▶ EXERCISE AIM
Below are lines of data; restate word for word those running from the line containing "finally show ?thesis ." to the line containing "qed (simp add: Vq_def words_ball_def)", inclusive, and no others.

▶ DATA PROVIDED
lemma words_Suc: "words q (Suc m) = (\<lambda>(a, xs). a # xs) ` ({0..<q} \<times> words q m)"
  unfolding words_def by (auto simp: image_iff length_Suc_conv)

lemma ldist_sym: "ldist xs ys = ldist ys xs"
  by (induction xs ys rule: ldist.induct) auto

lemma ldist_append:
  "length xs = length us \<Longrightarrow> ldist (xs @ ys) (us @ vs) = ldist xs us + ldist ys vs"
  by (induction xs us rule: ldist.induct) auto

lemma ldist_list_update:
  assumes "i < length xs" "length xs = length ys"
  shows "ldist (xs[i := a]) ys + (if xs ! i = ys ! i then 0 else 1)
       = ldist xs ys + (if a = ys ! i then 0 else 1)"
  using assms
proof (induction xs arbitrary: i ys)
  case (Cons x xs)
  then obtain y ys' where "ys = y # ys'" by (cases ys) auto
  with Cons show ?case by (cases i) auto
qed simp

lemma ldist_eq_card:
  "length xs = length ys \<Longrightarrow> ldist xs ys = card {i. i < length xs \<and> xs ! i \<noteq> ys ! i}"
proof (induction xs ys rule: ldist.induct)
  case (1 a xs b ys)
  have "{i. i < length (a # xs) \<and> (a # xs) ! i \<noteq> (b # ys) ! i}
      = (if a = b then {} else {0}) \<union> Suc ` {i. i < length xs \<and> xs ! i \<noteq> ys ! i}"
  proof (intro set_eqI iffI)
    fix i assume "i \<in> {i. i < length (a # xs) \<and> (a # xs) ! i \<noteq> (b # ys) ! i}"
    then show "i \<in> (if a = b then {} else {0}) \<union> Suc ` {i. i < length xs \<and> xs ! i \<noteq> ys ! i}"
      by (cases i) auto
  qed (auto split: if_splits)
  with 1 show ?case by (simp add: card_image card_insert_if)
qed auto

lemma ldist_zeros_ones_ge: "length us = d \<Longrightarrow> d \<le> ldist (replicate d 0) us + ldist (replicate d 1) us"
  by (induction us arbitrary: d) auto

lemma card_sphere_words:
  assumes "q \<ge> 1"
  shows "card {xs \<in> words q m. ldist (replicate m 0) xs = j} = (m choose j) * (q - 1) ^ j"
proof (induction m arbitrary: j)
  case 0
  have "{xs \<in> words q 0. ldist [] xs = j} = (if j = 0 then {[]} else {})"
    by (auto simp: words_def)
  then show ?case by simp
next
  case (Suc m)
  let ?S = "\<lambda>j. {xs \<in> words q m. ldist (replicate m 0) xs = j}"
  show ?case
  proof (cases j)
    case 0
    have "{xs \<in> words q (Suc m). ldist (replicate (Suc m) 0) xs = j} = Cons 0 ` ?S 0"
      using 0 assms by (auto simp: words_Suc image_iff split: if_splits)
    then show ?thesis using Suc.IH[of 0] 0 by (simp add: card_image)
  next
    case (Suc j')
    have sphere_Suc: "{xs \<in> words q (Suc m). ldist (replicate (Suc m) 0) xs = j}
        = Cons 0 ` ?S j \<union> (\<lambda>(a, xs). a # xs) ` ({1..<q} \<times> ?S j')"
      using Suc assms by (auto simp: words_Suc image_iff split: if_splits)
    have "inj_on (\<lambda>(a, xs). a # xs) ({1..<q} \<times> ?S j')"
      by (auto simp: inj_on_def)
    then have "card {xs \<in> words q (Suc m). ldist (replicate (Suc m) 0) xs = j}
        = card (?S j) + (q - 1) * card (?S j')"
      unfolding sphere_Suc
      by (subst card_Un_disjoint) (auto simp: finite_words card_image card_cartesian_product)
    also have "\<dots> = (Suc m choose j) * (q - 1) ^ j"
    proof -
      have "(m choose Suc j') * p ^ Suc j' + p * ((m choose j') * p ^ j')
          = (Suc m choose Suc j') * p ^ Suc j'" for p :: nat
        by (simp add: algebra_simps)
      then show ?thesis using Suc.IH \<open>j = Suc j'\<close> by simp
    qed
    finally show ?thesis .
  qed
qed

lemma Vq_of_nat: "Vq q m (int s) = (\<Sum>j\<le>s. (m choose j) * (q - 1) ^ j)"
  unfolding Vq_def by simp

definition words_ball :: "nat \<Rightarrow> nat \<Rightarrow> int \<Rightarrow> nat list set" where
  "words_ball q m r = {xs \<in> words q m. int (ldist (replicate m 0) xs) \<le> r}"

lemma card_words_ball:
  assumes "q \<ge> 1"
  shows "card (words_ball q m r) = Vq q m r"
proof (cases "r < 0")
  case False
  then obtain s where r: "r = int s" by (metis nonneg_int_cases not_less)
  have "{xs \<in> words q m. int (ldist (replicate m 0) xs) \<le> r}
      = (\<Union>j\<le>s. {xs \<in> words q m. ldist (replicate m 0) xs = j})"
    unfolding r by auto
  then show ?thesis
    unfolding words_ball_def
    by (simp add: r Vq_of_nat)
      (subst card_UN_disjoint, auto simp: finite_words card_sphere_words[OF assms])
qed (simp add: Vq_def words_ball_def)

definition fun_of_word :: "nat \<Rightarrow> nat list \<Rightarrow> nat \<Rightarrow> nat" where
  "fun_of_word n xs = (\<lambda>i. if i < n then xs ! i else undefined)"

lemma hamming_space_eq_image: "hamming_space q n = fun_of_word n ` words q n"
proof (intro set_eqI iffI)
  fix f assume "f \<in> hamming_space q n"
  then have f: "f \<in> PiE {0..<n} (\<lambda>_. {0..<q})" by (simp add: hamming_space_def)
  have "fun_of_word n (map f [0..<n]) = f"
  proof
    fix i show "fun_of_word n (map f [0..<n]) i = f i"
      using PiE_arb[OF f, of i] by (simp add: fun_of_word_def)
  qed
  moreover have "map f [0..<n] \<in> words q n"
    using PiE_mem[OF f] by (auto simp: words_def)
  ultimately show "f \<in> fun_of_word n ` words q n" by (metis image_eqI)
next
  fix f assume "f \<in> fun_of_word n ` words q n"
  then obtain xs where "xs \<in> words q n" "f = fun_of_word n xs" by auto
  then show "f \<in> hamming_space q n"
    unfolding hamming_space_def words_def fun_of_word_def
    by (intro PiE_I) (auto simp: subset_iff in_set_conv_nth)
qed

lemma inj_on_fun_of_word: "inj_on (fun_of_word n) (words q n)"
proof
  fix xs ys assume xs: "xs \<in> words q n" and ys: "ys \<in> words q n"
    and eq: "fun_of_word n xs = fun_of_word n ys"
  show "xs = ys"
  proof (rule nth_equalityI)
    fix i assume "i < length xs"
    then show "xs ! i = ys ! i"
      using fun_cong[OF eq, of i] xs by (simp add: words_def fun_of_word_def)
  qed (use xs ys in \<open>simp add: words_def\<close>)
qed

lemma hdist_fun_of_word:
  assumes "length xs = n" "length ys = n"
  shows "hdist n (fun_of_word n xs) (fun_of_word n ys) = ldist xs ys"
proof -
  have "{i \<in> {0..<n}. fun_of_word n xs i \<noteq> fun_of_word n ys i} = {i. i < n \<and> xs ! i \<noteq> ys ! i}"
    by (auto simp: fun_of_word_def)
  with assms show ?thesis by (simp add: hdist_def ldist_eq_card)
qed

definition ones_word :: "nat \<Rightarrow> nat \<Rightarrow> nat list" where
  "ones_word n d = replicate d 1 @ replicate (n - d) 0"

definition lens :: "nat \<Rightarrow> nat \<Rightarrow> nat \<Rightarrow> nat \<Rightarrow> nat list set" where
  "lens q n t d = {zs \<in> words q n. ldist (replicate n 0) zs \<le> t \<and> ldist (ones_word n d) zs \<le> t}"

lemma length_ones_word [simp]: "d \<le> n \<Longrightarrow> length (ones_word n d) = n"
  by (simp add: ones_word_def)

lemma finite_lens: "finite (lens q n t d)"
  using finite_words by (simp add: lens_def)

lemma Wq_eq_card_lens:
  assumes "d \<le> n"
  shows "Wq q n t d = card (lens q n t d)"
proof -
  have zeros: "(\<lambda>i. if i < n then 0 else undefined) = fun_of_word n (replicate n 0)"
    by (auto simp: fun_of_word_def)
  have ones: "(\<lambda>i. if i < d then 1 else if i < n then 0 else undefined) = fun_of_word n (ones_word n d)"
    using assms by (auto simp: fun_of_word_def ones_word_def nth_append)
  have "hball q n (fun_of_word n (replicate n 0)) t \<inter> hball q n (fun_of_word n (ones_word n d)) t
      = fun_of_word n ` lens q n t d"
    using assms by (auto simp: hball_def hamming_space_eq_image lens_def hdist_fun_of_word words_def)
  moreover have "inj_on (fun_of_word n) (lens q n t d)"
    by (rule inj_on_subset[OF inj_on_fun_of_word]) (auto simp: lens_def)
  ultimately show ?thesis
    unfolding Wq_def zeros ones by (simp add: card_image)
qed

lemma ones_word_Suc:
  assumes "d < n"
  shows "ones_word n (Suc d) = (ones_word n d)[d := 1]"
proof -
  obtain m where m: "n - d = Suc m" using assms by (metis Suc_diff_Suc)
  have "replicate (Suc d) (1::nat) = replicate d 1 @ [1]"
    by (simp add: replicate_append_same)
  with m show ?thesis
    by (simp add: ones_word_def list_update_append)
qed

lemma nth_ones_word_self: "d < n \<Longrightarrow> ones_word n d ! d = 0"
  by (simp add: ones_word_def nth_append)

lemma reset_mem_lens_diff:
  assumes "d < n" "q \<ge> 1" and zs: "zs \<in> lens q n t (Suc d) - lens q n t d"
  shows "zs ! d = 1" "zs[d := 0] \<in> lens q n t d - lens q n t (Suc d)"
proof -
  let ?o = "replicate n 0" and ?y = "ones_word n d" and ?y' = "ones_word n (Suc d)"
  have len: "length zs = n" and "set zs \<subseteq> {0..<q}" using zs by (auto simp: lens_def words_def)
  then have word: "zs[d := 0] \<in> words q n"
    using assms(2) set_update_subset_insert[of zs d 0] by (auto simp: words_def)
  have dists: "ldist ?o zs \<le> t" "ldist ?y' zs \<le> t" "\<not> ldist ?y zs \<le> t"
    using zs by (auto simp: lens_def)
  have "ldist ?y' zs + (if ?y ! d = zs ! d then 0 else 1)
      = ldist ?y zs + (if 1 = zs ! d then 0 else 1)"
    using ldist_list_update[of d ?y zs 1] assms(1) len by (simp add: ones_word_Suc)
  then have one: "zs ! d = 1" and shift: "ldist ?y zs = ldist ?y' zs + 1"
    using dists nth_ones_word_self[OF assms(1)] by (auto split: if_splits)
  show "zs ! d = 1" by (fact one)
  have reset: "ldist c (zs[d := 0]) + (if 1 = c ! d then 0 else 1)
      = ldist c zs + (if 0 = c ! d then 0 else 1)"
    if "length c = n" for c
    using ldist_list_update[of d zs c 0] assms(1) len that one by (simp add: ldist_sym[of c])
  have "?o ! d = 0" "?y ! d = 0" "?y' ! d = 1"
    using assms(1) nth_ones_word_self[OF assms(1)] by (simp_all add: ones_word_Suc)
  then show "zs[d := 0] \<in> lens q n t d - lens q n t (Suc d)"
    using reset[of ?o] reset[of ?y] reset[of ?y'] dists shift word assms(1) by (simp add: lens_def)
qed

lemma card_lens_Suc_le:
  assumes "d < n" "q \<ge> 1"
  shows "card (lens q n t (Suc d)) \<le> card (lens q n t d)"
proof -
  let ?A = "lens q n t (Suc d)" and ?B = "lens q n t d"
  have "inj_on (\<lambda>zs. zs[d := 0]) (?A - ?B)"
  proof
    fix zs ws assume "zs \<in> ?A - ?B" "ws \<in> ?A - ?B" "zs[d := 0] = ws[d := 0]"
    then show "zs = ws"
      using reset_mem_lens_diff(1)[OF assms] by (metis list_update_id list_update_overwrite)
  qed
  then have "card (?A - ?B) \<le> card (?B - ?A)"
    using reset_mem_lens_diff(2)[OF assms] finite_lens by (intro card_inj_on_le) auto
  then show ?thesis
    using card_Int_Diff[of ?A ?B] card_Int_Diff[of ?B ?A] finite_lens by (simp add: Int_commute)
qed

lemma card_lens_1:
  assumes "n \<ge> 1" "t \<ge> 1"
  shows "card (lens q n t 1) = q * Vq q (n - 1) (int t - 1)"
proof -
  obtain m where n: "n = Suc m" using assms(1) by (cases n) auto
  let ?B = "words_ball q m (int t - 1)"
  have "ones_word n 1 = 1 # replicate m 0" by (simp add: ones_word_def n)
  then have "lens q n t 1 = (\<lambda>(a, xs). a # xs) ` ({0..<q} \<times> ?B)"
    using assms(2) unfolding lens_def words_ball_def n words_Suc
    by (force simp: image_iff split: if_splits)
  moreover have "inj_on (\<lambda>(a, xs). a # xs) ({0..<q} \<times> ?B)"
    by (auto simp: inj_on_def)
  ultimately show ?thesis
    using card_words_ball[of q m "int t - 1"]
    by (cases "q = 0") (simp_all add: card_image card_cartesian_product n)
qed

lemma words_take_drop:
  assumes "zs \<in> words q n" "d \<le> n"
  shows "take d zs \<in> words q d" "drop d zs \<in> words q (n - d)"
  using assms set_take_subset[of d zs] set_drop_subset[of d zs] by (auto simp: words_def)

▶ REPLY TO THE EXERCISE
    finally show ?thesis .
  qed
qed

lemma Vq_of_nat: "Vq q m (int s) = (\<Sum>j\<le>s. (m choose j) * (q - 1) ^ j)"
  unfolding Vq_def by simp

definition words_ball :: "nat \<Rightarrow> nat \<Rightarrow> int \<Rightarrow> nat list set" where
  "words_ball q m r = {xs \<in> words q m. int (ldist (replicate m 0) xs) \<le> r}"

lemma card_words_ball:
  assumes "q \<ge> 1"
  shows "card (words_ball q m r) = Vq q m r"
proof (cases "r < 0")
  case False
  then obtain s where r: "r = int s" by (metis nonneg_int_cases not_less)
  have "{xs \<in> words q m. int (ldist (replicate m 0) xs) \<le> r}
      = (\<Union>j\<le>s. {xs \<in> words q m. ldist (replicate m 0) xs = j})"
    unfolding r by auto
  then show ?thesis
    unfolding words_ball_def
    by (simp add: r Vq_of_nat)
      (subst card_UN_disjoint, auto simp: finite_words card_sphere_words[OF assms])
qed (simp add: Vq_def words_ball_def)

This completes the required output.